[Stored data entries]
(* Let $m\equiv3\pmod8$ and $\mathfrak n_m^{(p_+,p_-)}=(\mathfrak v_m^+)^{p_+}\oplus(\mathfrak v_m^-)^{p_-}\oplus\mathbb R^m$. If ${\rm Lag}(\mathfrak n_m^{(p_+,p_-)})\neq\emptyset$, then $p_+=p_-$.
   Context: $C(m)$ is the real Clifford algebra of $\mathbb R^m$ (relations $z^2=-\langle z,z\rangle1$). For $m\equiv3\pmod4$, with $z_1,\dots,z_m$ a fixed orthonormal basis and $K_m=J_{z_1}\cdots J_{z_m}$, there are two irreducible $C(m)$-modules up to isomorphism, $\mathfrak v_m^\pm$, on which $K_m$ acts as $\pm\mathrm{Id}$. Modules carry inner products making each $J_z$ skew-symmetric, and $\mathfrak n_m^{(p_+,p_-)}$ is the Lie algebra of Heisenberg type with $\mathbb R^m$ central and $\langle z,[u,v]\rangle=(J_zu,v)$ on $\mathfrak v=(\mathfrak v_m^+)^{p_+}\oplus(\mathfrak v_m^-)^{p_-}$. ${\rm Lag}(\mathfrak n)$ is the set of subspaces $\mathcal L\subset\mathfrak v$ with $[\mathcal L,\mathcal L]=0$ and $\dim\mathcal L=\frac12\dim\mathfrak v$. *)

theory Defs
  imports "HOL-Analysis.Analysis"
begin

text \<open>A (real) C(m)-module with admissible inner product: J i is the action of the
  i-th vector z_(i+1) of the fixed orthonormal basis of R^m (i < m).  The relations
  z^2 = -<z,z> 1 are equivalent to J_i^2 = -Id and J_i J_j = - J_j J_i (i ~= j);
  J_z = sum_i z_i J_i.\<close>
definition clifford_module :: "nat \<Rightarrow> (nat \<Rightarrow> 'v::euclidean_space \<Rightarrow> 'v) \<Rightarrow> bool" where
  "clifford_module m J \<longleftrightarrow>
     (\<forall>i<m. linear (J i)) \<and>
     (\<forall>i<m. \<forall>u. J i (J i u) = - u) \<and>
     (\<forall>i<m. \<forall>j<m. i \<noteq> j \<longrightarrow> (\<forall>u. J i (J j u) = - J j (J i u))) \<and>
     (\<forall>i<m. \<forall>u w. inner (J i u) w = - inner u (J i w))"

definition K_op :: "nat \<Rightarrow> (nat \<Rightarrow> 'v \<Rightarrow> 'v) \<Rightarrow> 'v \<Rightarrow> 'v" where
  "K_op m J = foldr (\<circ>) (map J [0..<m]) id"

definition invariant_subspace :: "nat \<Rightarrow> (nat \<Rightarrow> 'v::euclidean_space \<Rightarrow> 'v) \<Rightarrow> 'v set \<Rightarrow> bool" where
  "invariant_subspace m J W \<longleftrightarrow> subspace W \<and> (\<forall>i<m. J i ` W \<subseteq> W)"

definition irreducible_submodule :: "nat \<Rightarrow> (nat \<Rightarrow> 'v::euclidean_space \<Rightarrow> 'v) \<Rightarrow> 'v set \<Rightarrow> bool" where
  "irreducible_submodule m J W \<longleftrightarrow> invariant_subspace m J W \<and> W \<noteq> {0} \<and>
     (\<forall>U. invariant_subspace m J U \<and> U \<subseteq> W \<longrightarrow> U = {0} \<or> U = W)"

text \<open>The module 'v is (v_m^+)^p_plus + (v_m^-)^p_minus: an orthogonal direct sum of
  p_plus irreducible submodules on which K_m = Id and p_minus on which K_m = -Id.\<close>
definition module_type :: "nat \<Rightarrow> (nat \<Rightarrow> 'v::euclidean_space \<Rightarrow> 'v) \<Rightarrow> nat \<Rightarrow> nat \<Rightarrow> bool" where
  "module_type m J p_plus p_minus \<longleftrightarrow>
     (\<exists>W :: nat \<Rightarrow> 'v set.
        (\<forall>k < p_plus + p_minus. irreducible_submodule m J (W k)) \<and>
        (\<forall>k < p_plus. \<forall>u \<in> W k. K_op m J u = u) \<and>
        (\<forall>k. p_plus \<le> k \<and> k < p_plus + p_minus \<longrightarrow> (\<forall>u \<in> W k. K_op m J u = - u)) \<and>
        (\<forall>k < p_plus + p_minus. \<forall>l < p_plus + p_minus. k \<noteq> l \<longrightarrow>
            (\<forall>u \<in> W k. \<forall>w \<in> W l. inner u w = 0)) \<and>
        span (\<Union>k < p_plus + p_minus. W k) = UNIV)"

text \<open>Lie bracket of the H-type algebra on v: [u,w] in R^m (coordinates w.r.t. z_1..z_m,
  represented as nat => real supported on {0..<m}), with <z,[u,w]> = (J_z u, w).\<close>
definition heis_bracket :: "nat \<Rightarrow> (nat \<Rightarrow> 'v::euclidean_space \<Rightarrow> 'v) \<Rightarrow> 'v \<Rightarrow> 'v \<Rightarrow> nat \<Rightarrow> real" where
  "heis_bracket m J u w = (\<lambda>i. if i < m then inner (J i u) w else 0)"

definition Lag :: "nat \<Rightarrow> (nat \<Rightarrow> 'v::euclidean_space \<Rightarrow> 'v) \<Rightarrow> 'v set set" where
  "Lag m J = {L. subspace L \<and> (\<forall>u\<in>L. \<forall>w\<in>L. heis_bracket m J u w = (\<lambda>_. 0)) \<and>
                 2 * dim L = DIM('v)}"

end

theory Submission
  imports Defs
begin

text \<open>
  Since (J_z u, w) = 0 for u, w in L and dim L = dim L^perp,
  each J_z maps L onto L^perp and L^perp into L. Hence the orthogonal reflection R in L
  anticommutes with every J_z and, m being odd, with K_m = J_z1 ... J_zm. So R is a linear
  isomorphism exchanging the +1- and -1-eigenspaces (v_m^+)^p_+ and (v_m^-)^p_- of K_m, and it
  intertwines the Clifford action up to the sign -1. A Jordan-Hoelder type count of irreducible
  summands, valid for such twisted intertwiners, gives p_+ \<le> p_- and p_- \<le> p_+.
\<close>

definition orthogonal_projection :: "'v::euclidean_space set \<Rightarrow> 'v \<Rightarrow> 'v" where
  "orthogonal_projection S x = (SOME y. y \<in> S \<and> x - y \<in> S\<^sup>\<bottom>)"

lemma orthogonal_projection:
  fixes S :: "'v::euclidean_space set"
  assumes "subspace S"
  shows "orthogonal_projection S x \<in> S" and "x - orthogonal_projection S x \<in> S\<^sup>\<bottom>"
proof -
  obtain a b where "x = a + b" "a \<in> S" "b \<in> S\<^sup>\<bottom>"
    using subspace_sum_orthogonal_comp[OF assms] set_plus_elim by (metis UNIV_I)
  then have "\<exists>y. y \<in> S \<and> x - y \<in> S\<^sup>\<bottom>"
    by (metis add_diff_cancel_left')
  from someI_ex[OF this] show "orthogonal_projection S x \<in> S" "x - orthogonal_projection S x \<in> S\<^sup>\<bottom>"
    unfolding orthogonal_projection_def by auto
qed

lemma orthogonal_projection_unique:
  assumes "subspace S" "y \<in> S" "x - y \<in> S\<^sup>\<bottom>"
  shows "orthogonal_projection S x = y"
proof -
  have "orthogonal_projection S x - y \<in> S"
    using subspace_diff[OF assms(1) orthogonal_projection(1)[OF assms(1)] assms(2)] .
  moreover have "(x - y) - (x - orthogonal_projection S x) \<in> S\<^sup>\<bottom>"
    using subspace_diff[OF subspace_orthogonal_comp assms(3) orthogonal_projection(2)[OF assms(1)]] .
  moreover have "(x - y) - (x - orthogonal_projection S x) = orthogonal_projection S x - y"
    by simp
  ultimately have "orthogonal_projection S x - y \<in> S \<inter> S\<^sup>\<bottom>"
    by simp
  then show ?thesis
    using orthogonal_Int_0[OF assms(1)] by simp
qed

==

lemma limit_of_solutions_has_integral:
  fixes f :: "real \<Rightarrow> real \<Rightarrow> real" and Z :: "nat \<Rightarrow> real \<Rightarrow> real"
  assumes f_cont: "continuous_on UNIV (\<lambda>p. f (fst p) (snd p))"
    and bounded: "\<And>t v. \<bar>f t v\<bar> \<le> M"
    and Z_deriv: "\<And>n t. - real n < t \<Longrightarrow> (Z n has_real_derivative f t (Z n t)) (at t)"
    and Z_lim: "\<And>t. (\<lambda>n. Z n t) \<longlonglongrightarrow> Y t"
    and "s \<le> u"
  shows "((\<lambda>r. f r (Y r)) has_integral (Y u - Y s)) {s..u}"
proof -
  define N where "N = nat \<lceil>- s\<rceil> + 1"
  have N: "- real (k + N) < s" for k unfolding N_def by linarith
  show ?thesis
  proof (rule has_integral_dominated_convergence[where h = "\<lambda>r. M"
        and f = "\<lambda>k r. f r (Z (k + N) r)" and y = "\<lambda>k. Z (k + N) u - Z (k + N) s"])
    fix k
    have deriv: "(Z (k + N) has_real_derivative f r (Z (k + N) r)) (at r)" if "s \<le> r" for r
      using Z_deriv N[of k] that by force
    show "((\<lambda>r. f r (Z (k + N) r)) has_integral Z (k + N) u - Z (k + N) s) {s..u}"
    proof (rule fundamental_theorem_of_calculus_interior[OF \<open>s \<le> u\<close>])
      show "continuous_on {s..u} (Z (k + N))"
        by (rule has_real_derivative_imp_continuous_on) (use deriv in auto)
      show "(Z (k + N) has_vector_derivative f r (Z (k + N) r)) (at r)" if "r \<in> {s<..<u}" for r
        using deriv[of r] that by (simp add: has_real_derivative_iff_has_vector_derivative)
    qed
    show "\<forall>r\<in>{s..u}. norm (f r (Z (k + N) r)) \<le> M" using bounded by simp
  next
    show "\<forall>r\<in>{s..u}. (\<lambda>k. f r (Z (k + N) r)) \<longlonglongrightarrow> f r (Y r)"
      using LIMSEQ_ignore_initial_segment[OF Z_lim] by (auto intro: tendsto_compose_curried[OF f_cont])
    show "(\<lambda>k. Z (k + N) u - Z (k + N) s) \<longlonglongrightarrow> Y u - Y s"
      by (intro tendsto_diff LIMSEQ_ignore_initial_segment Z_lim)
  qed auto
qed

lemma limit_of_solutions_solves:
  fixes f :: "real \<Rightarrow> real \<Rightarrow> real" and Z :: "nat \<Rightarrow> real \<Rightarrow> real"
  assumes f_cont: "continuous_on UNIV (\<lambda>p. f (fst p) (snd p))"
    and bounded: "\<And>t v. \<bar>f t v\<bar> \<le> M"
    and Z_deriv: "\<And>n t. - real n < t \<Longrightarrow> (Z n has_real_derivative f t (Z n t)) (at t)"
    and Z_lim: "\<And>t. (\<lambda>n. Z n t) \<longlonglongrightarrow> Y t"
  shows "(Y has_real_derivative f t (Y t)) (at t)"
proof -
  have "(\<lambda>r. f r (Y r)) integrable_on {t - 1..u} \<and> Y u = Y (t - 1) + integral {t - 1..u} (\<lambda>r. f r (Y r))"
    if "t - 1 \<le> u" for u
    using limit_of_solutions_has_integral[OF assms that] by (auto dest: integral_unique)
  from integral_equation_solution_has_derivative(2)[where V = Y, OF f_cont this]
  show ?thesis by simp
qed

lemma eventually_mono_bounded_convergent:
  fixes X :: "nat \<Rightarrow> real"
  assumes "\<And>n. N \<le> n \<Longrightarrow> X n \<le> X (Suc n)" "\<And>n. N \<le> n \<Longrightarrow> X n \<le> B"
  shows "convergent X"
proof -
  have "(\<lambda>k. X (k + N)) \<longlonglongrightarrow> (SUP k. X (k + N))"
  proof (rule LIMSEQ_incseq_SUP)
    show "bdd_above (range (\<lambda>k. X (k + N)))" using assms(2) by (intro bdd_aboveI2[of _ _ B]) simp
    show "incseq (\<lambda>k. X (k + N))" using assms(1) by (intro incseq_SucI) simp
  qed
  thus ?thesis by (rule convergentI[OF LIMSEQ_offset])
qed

---

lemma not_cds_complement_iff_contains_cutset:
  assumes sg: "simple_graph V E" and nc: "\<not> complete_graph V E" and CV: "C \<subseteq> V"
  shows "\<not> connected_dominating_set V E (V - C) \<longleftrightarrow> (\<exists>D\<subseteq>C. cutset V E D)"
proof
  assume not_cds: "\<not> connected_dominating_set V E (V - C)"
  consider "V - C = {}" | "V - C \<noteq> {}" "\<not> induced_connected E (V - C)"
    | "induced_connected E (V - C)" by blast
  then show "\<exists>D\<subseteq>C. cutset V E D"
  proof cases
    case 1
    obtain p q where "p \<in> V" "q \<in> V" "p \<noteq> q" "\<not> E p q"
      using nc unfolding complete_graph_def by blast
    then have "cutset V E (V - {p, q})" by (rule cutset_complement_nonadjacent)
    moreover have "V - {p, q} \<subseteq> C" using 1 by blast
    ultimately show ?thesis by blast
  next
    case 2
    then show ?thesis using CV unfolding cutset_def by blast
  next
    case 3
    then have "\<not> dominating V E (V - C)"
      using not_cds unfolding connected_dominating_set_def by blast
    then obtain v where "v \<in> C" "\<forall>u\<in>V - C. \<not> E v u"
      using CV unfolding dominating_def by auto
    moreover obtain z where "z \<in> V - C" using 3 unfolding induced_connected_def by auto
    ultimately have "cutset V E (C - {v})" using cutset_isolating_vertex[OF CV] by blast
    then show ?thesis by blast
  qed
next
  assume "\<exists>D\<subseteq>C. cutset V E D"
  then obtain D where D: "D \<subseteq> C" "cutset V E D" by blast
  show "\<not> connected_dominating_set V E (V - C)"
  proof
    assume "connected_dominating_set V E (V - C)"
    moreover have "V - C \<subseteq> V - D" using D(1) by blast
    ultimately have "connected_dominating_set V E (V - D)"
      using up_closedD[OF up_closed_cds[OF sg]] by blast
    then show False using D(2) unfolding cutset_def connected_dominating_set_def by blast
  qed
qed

> [Problem to work on] Would you copy, unchanged, the stretch of the records above that begins at the line containing "bounded by simp" and ends at the line containing "using LIMSEQ_ignore_initial_segment[OF Z_lim]", and only that?

> [Answer section]
    show "\<forall>r\<in>{s..u}. norm (f r (Z (k + N) r)) \<le> M" using bounded by simp
  next
    show "\<forall>r\<in>{s..u}. (\<lambda>k. f r (Z (k + N) r)) \<longlonglongrightarrow> f r (Y r)"
      using LIMSEQ_ignore_initial_segment[OF Z_lim] by (auto intro: tendsto_compose_curried[OF f_cont])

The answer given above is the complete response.